## What you should do
Return the data below in full, exactly as it stands.

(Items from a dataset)
-*-*-

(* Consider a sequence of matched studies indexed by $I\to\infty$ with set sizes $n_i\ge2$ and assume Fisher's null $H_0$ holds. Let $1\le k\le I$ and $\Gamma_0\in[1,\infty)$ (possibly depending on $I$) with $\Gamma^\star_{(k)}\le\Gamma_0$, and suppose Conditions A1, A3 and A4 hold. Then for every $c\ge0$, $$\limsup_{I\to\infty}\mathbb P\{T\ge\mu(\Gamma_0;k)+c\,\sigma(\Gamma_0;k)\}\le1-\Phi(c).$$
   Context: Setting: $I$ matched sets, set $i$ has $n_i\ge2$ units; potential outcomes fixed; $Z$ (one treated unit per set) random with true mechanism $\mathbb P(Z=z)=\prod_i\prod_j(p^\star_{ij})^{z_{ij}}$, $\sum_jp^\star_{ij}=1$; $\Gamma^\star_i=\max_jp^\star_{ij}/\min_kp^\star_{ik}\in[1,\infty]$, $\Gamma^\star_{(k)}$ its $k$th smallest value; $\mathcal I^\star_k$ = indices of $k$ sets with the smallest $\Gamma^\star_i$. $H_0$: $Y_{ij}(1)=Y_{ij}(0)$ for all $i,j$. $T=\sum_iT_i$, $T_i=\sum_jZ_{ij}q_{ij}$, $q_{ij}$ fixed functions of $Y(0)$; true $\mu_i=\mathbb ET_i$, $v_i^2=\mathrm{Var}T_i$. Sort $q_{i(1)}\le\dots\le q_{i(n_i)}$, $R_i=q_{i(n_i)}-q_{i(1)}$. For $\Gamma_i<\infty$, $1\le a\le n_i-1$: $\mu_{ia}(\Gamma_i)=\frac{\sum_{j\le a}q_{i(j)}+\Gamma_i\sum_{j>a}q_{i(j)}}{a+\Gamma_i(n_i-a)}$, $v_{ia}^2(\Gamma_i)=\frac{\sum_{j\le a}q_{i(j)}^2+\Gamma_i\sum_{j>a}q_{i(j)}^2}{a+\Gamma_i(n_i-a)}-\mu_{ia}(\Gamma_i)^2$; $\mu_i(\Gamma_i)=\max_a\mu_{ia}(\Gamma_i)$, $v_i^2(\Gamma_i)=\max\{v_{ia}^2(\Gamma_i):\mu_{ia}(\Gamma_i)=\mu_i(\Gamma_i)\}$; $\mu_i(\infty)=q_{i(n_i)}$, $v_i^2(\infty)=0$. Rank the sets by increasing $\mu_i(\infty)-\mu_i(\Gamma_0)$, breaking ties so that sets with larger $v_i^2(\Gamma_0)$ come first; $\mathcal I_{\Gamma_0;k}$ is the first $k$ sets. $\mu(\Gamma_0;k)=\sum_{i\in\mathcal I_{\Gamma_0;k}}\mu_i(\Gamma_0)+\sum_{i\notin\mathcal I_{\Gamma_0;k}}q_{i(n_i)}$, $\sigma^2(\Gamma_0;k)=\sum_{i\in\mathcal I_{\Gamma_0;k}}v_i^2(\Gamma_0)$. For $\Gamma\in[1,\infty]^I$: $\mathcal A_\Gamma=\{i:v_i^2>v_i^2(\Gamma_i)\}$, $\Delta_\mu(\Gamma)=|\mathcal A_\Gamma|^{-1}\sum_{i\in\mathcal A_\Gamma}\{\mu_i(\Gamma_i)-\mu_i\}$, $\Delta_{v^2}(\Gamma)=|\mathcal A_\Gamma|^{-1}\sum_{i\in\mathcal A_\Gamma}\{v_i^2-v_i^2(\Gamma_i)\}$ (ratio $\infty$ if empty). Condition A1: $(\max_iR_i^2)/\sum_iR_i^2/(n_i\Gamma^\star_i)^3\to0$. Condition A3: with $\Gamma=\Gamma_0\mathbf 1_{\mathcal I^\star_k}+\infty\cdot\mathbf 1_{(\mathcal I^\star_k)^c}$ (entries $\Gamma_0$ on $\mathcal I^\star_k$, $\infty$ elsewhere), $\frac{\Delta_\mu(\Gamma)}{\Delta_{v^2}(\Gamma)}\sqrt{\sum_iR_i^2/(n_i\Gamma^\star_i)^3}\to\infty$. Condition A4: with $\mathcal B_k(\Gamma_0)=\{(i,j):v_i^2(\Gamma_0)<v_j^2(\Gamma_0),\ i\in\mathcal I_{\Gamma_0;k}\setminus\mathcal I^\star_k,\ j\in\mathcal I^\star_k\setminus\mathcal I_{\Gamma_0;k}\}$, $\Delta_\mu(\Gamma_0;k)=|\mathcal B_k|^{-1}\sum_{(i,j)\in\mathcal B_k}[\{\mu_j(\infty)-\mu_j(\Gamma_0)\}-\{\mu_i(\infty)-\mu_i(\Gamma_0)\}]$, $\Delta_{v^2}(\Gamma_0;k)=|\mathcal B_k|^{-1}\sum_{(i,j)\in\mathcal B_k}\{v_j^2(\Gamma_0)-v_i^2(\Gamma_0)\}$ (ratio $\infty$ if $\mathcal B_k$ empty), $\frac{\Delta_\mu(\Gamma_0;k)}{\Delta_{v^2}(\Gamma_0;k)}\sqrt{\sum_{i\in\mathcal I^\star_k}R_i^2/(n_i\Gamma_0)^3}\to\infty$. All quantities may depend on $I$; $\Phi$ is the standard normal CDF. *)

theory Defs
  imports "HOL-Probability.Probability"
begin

-*-*-

## Answer to this task
(* Consider a sequence of matched studies indexed by $I\to\infty$ with set sizes $n_i\ge2$ and assume Fisher's null $H_0$ holds. Let $1\le k\le I$ and $\Gamma_0\in[1,\infty)$ (possibly depending on $I$) with $\Gamma^\star_{(k)}\le\Gamma_0$, and suppose Conditions A1, A3 and A4 hold. Then for every $c\ge0$, $$\limsup_{I\to\infty}\mathbb P\{T\ge\mu(\Gamma_0;k)+c\,\sigma(\Gamma_0;k)\}\le1-\Phi(c).$$
   Context: Setting: $I$ matched sets, set $i$ has $n_i\ge2$ units; potential outcomes fixed; $Z$ (one treated unit per set) random with true mechanism $\mathbb P(Z=z)=\prod_i\prod_j(p^\star_{ij})^{z_{ij}}$, $\sum_jp^\star_{ij}=1$; $\Gamma^\star_i=\max_jp^\star_{ij}/\min_kp^\star_{ik}\in[1,\infty]$, $\Gamma^\star_{(k)}$ its $k$th smallest value; $\mathcal I^\star_k$ = indices of $k$ sets with the smallest $\Gamma^\star_i$. $H_0$: $Y_{ij}(1)=Y_{ij}(0)$ for all $i,j$. $T=\sum_iT_i$, $T_i=\sum_jZ_{ij}q_{ij}$, $q_{ij}$ fixed functions of $Y(0)$; true $\mu_i=\mathbb ET_i$, $v_i^2=\mathrm{Var}T_i$. Sort $q_{i(1)}\le\dots\le q_{i(n_i)}$, $R_i=q_{i(n_i)}-q_{i(1)}$. For $\Gamma_i<\infty$, $1\le a\le n_i-1$: $\mu_{ia}(\Gamma_i)=\frac{\sum_{j\le a}q_{i(j)}+\Gamma_i\sum_{j>a}q_{i(j)}}{a+\Gamma_i(n_i-a)}$, $v_{ia}^2(\Gamma_i)=\frac{\sum_{j\le a}q_{i(j)}^2+\Gamma_i\sum_{j>a}q_{i(j)}^2}{a+\Gamma_i(n_i-a)}-\mu_{ia}(\Gamma_i)^2$; $\mu_i(\Gamma_i)=\max_a\mu_{ia}(\Gamma_i)$, $v_i^2(\Gamma_i)=\max\{v_{ia}^2(\Gamma_i):\mu_{ia}(\Gamma_i)=\mu_i(\Gamma_i)\}$; $\mu_i(\infty)=q_{i(n_i)}$, $v_i^2(\infty)=0$. Rank the sets by increasing $\mu_i(\infty)-\mu_i(\Gamma_0)$, breaking ties so that sets with larger $v_i^2(\Gamma_0)$ come first; $\mathcal I_{\Gamma_0;k}$ is the first $k$ sets. $\mu(\Gamma_0;k)=\sum_{i\in\mathcal I_{\Gamma_0;k}}\mu_i(\Gamma_0)+\sum_{i\notin\mathcal I_{\Gamma_0;k}}q_{i(n_i)}$, $\sigma^2(\Gamma_0;k)=\sum_{i\in\mathcal I_{\Gamma_0;k}}v_i^2(\Gamma_0)$. For $\Gamma\in[1,\infty]^I$: $\mathcal A_\Gamma=\{i:v_i^2>v_i^2(\Gamma_i)\}$, $\Delta_\mu(\Gamma)=|\mathcal A_\Gamma|^{-1}\sum_{i\in\mathcal A_\Gamma}\{\mu_i(\Gamma_i)-\mu_i\}$, $\Delta_{v^2}(\Gamma)=|\mathcal A_\Gamma|^{-1}\sum_{i\in\mathcal A_\Gamma}\{v_i^2-v_i^2(\Gamma_i)\}$ (ratio $\infty$ if empty). Condition A1: $(\max_iR_i^2)/\sum_iR_i^2/(n_i\Gamma^\star_i)^3\to0$. Condition A3: with $\Gamma=\Gamma_0\mathbf 1_{\mathcal I^\star_k}+\infty\cdot\mathbf 1_{(\mathcal I^\star_k)^c}$ (entries $\Gamma_0$ on $\mathcal I^\star_k$, $\infty$ elsewhere), $\frac{\Delta_\mu(\Gamma)}{\Delta_{v^2}(\Gamma)}\sqrt{\sum_iR_i^2/(n_i\Gamma^\star_i)^3}\to\infty$. Condition A4: with $\mathcal B_k(\Gamma_0)=\{(i,j):v_i^2(\Gamma_0)<v_j^2(\Gamma_0),\ i\in\mathcal I_{\Gamma_0;k}\setminus\mathcal I^\star_k,\ j\in\mathcal I^\star_k\setminus\mathcal I_{\Gamma_0;k}\}$, $\Delta_\mu(\Gamma_0;k)=|\mathcal B_k|^{-1}\sum_{(i,j)\in\mathcal B_k}[\{\mu_j(\infty)-\mu_j(\Gamma_0)\}-\{\mu_i(\infty)-\mu_i(\Gamma_0)\}]$, $\Delta_{v^2}(\Gamma_0;k)=|\mathcal B_k|^{-1}\sum_{(i,j)\in\mathcal B_k}\{v_j^2(\Gamma_0)-v_i^2(\Gamma_0)\}$ (ratio $\infty$ if $\mathcal B_k$ empty), $\frac{\Delta_\mu(\Gamma_0;k)}{\Delta_{v^2}(\Gamma_0;k)}\sqrt{\sum_{i\in\mathcal I^\star_k}R_i^2/(n_i\Gamma_0)^3}\to\infty$. All quantities may depend on $I$; $\Phi$ is the standard normal CDF. *)

theory Defs
  imports "HOL-Probability.Probability"
begin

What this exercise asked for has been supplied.